[Collected data entries]
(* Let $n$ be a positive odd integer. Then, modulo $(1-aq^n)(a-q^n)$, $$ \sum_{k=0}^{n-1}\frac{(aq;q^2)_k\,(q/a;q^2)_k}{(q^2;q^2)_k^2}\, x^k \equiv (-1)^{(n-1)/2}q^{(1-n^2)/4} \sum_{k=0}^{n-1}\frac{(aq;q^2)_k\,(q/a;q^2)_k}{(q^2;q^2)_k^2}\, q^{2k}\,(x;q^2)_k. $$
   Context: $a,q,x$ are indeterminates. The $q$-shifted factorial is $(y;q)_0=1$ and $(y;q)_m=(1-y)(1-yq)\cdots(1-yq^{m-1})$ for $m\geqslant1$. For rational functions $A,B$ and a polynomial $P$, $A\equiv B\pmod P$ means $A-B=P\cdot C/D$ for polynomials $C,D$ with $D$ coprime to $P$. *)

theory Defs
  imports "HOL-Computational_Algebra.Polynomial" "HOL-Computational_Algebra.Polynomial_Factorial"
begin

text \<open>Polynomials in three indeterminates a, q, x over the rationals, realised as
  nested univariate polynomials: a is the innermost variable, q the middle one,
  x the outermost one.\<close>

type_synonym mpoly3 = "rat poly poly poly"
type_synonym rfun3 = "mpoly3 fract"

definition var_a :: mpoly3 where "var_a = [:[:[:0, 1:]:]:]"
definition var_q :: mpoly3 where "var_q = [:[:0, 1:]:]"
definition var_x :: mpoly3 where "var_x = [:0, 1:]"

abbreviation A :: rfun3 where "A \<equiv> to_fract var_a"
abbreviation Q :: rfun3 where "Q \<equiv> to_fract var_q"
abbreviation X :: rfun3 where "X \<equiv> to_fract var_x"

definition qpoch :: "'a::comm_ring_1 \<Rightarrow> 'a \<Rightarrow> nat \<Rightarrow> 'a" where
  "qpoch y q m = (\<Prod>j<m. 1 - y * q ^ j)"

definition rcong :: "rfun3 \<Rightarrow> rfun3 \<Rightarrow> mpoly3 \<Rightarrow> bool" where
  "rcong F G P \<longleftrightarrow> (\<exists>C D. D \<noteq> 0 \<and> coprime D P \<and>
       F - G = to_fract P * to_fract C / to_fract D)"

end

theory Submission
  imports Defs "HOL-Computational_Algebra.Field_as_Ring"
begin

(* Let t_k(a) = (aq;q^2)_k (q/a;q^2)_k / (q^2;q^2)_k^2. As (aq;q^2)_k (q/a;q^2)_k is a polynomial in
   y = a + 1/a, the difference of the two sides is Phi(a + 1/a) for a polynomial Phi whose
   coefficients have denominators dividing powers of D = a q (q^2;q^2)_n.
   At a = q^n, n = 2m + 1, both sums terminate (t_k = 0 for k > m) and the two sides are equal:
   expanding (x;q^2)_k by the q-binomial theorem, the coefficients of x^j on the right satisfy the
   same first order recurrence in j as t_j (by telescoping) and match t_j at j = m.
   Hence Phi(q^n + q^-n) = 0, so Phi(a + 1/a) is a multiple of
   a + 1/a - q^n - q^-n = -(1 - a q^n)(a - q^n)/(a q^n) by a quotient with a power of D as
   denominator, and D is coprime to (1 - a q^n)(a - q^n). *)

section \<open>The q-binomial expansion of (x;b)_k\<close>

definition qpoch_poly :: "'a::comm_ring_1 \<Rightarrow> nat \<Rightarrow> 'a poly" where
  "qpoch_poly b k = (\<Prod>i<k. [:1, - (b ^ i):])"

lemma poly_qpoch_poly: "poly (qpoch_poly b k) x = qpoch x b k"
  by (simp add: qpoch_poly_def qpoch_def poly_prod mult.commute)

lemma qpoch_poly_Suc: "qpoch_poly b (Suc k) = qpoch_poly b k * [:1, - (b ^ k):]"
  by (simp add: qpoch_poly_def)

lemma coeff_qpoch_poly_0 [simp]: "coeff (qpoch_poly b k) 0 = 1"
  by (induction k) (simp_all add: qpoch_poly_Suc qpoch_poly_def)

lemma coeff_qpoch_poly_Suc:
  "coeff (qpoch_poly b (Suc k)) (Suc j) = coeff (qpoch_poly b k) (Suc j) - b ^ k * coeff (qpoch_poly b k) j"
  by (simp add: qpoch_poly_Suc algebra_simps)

[Task goal]: Once you reach the line that contains "y = a + 1/a, the", print it and every line after it exactly as written, stopping at the last line of the records and adding nothing.

[Exercise output]:
   y = a + 1/a, the difference of the two sides is Phi(a + 1/a) for a polynomial Phi whose
   coefficients have denominators dividing powers of D = a q (q^2;q^2)_n.
   At a = q^n, n = 2m + 1, both sums terminate (t_k = 0 for k > m) and the two sides are equal:
   expanding (x;q^2)_k by the q-binomial theorem, the coefficients of x^j on the right satisfy the
   same first order recurrence in j as t_j (by telescoping) and match t_j at j = m.
   Hence Phi(q^n + q^-n) = 0, so Phi(a + 1/a) is a multiple of
   a + 1/a - q^n - q^-n = -(1 - a q^n)(a - q^n)/(a q^n) by a quotient with a power of D as
   denominator, and D is coprime to (1 - a q^n)(a - q^n). *)

section \<open>The q-binomial expansion of (x;b)_k\<close>

definition qpoch_poly :: "'a::comm_ring_1 \<Rightarrow> nat \<Rightarrow> 'a poly" where
  "qpoch_poly b k = (\<Prod>i<k. [:1, - (b ^ i):])"

lemma poly_qpoch_poly: "poly (qpoch_poly b k) x = qpoch x b k"
  by (simp add: qpoch_poly_def qpoch_def poly_prod mult.commute)

lemma qpoch_poly_Suc: "qpoch_poly b (Suc k) = qpoch_poly b k * [:1, - (b ^ k):]"
  by (simp add: qpoch_poly_def)

lemma coeff_qpoch_poly_0 [simp]: "coeff (qpoch_poly b k) 0 = 1"
  by (induction k) (simp_all add: qpoch_poly_Suc qpoch_poly_def)

lemma coeff_qpoch_poly_Suc:
  "coeff (qpoch_poly b (Suc k)) (Suc j) = coeff (qpoch_poly b k) (Suc j) - b ^ k * coeff (qpoch_poly b k) j"
  by (simp add: qpoch_poly_Suc algebra_simps)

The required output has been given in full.